2 On the facts and in the circumstances of the case, and in law, the Learned Commissioner of Income tax (Appeals), erred inter alia
a) in sustaining the addition to the extent of 12.5% of the alleged bogus purchases by holding in para 5.3 of his order "Looking into the entirety of the facts, therefore in my considered opinion only the profit derived out of such transactions should be assessed to tax and relying on the decision in the case of Bholenath Poly Fab Pvt. Ltd, addition to the extent of 12.5% of such tainted purchases is considered reasonable and sustained as suppressed profit element embedded in such purchase. This estimation is in addition to the gross profit shown by the appellant "
b) by consciously overlooking that the purchases were made by account payee cheques to these suppliers whose identity was established by the fact of payment to them being confirmed by Bankers and no evidence has been produced by him for receipt of cash by the assessee as alleged by him .
c). by holding in his order that the purchases made by the assessee were "bogus purchases", while not disputing the sales made from these purchases, which are genuine and which were booked in the regular books of accounts and which were also verified by him from the assessment records in presence of the Learned AO.
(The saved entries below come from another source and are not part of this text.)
lemma active_nonempty:
  assumes "\<not> consensus s"
  shows "active s \<noteq> {}"
proof (cases "settled s = {}")
  case True
  obtain v where "v \<in> P" "word s v = min_word s"
    by (rule min_word_attained)
  then show ?thesis
    using True by (auto simp: active_def holders_def)
next
  case False
  then obtain a b where "a \<in> settled s" "b \<in> P - settled s"
    using settled_ne_P[OF assms] by blast
  then obtain x y where "x \<in> settled s" "y \<in> P - settled s" "x \<in> nbhd E y"
    using edge_leaving[OF settled_subset] by metis
  then show ?thesis
    using False by (auto simp: active_def frontier_def)
qed

lemma level_pos: "\<not> consensus s \<Longrightarrow> 0 < level s"
  using settled_ne_P finite_P by (auto simp: level_def card_gt_0_iff)

lemma level_le: "level s \<le> card P + card W + 1"
proof -
  have "card (P - settled s) \<le> card P" "words_above s \<le> card W"
    using finite_P finite_W by (auto simp: words_above_def intro: card_mono)
  then show ?thesis
    by (auto simp: level_def)
qed

lemma holders_update:
  assumes "u \<in> P" "settled (update E u s) = {}" "min_word (update E u s) = min_word s"
  shows "holders (update E u s) = (if heard E s u \<subseteq> memory s u then holders s - {u} else holders s)"
proof (cases "heard E s u \<subseteq> memory s u")
  case True
  then have "\<not> (\<exists>w\<in>nbhd E u. word s w = min_word s)"
    using collapse_settles[OF assms(1) True _ _ assms(3)] assms(2) by blast
  then have "word (update E u s) u \<noteq> min_word s"
    using True Min_heard_eq_min_word_iff[OF assms(1)] by (simp add: update_self)
  then have "v \<in> holders (update E u s) \<longleftrightarrow> v \<in> holders s - {u}" for v
    using assms(3) by (cases "v = u") (auto simp: holders_def update_other)
  then show ?thesis
    using True by auto
next
  case False
  then have "word (update E u s) u = word s u"
    by (simp add: update_self)
  then have "v \<in> holders (update E u s) \<longleftrightarrow> v \<in> holders s" for v
    using assms(3) by (cases "v = u") (auto simp: holders_def update_other)
  then show ?thesis
    using False by auto
qed

lemma sum_slack_holders_update:
  assumes "admissible s" "u \<in> P" "settled (update E u s) = {}" "min_word (update E u s) = min_word s"
  defines "s' \<equiv> update E u s"
  shows "(\<Sum>v\<in>holders s'. slack s' v) \<le> (\<Sum>v\<in>holders s. slack s v)"
    and "u \<in> holders s \<Longrightarrow> (\<Sum>v\<in>holders s'. slack s' v) < (\<Sum>v\<in>holders s. slack s v)"
proof -
  have holders_s': "holders s' = (if heard E s u \<subseteq> memory s u then holders s - {u} else holders s)"
    using holders_update[OF assms(2-4)] by (simp add: s'_def)
  have "(\<Sum>v\<in>holders s'. slack s' v) \<le> (\<Sum>v\<in>holders s. slack s v) \<and>
      (u \<in> holders s \<longrightarrow> (\<Sum>v\<in>holders s'. slack s' v) < (\<Sum>v\<in>holders s. slack s v))"
  proof (cases "heard E s u \<subseteq> memory s u")
    case True
    have "(\<Sum>v\<in>holders s - {u}. slack s' v) \<le> (\<Sum>v\<in>holders s - {u}. slack s v)"
      using sum_slack_update(1)[OF assms(1,2), of "holders s - {u}"] by (auto simp: holders_def s'_def)
    moreover have "(\<Sum>v\<in>holders s. slack s v) = slack s u + (\<Sum>v\<in>holders s - {u}. slack s v)"
      if "u \<in> holders s"
      using that finite_P by (simp add: holders_def sum.remove)
    ultimately show ?thesis
      using True holders_s' slack_bounds(1)[OF assms(1,2)] by (cases "u \<in> holders s") auto
  next
    case False
    then show ?thesis
      using holders_s' sum_slack_update[OF assms(1,2), of "holders s"]
      by (auto simp: holders_def s'_def)
  qed
  then show "(\<Sum>v\<in>holders s'. slack s' v) \<le> (\<Sum>v\<in>holders s. slack s v)"
    and "u \<in> holders s \<Longrightarrow> (\<Sum>v\<in>holders s'. slack s' v) < (\<Sum>v\<in>holders s. slack s v)"
    by simp_all
qed
(* Let $a$ be a primitive element of $GF(2^m)$, $n\le 2^m-1$, and $1\le k\le d\le n-1$. Let $g(x)=\prod_{j=1}^{n-k}(x-a^j)=\sum_{i=0}^{n-k}g_ix^i$ and $f(x)=\prod_{j=1}^{n-d}(x-a^j)=\sum_{i=0}^{n-d}f_ix^i$. Let $G_k$ be the $k\times n$ matrix whose $r$-th row ($r=1,\dots,k$) is $(0,\dots,0,g_0,g_1,\dots,g_{n-k},0,\dots,0)$ with $r-1$ leading zeros, and let $B$ be the $(d-k)\times n$ matrix whose $r$-th row ($r=1,\dots,d-k$) is $(0,\dots,0,f_0,f_1,\dots,f_{n-d},0,\dots,0)$ with $r-1$ leading zeros. Then the $d\times n$ matrix $G=\begin{bmatrix}G_k\\ B\end{bmatrix}$ has rank $d$; that is, it is a generator matrix of the $[n,d]$ Reed–Solomon code generated by $f(x)$ (the code underlying the minimum-bandwidth regenerating code).
   Context: The $[n,d]$ Reed–Solomon code generated by $f(x)$ consists of all vectors $(c_0,\dots,c_{n-1})\in GF(2^m)^n$ whose polynomial $\sum_i c_ix^i$ is divisible by $f(x)$. *)

theory Defs
  imports "Jordan_Normal_Form.DL_Rank" "HOL-Computational_Algebra.Polynomial"
begin

definition primitive_element :: "'a::{field,finite} \<Rightarrow> bool" where
  "primitive_element a \<longleftrightarrow> a \<noteq> 0 \<and> (\<forall>x. x \<noteq> 0 \<longrightarrow> (\<exists>i::nat. x = a ^ i))"

definition shift_mat :: "'a::zero poly \<Rightarrow> nat \<Rightarrow> nat \<Rightarrow> 'a mat" where
  "shift_mat p r n = mat r n (\<lambda>(i, j). if i \<le> j then coeff p (j - i) else 0)"

definition vec_poly :: "'a::comm_semiring_1 vec \<Rightarrow> 'a poly" where
  "vec_poly c = (\<Sum>i<dim_vec c. monom (c $ i) i)"

definition RS_code :: "nat \<Rightarrow> 'a::field poly \<Rightarrow> 'a vec set" where
  "RS_code n f = {c \<in> carrier_vec n. f dvd vec_poly c}"

end

(*
  Row i of shift_mat p r n is the coefficient vector of x^i p, so the rows of G are the
  polynomials x^i g (i < k) and x^i f (i < d - k). Writing g = f h with deg h = d - k, their
  degrees are exactly n - d, ..., n - 1, each once; hence the d x d minor on the last d columns
  is a row permutation of a triangular matrix with nonzero diagonal, and G has rank d.
  All rows are multiples of f of degree < n, and conversely every multiple f q of degree < n is
  a combination of them: dividing q = u h + v gives deg u < k, deg v < d - k and f q = u g + v f.
*)
theory Submission
  imports Defs
begin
d). in not considering the quantitative disposal statements of purchase made from these alleged bogus parties and sales there from, which was filed before him. as well as the Learned AO and which was also verified by him from the assessment records in presence of the Learned AO.
e). in not considering the fact that on the alleged bogus purchases , the appellant has disclosed profits which is higher than the average rate of gross profit disclosed by the appellant;
f) in not considering the fact that the Learned Assessing Officer has not found any infirmities in the sales books of accounts or other materials nor has he found any evidence to prove that purchases from these parties are bogus.
3 Hence, it is submitted that the re opening of the assessment being bad in law be quashed or in the alternative, the addition of Rs.420,694/- [@12.5% of the alleged bogus purchases of Rs. 33,65,552/-] upheld by the Learned Commissioner of Income tax (Appeals) being arbitrary and contrary to the principles of natural justice and equity be deleted in toto.”
3. The brief facts of the case are that the assessee is in the business of manufacturing & dealers in Wire Ropes, Chain Pulley Blocks etc. .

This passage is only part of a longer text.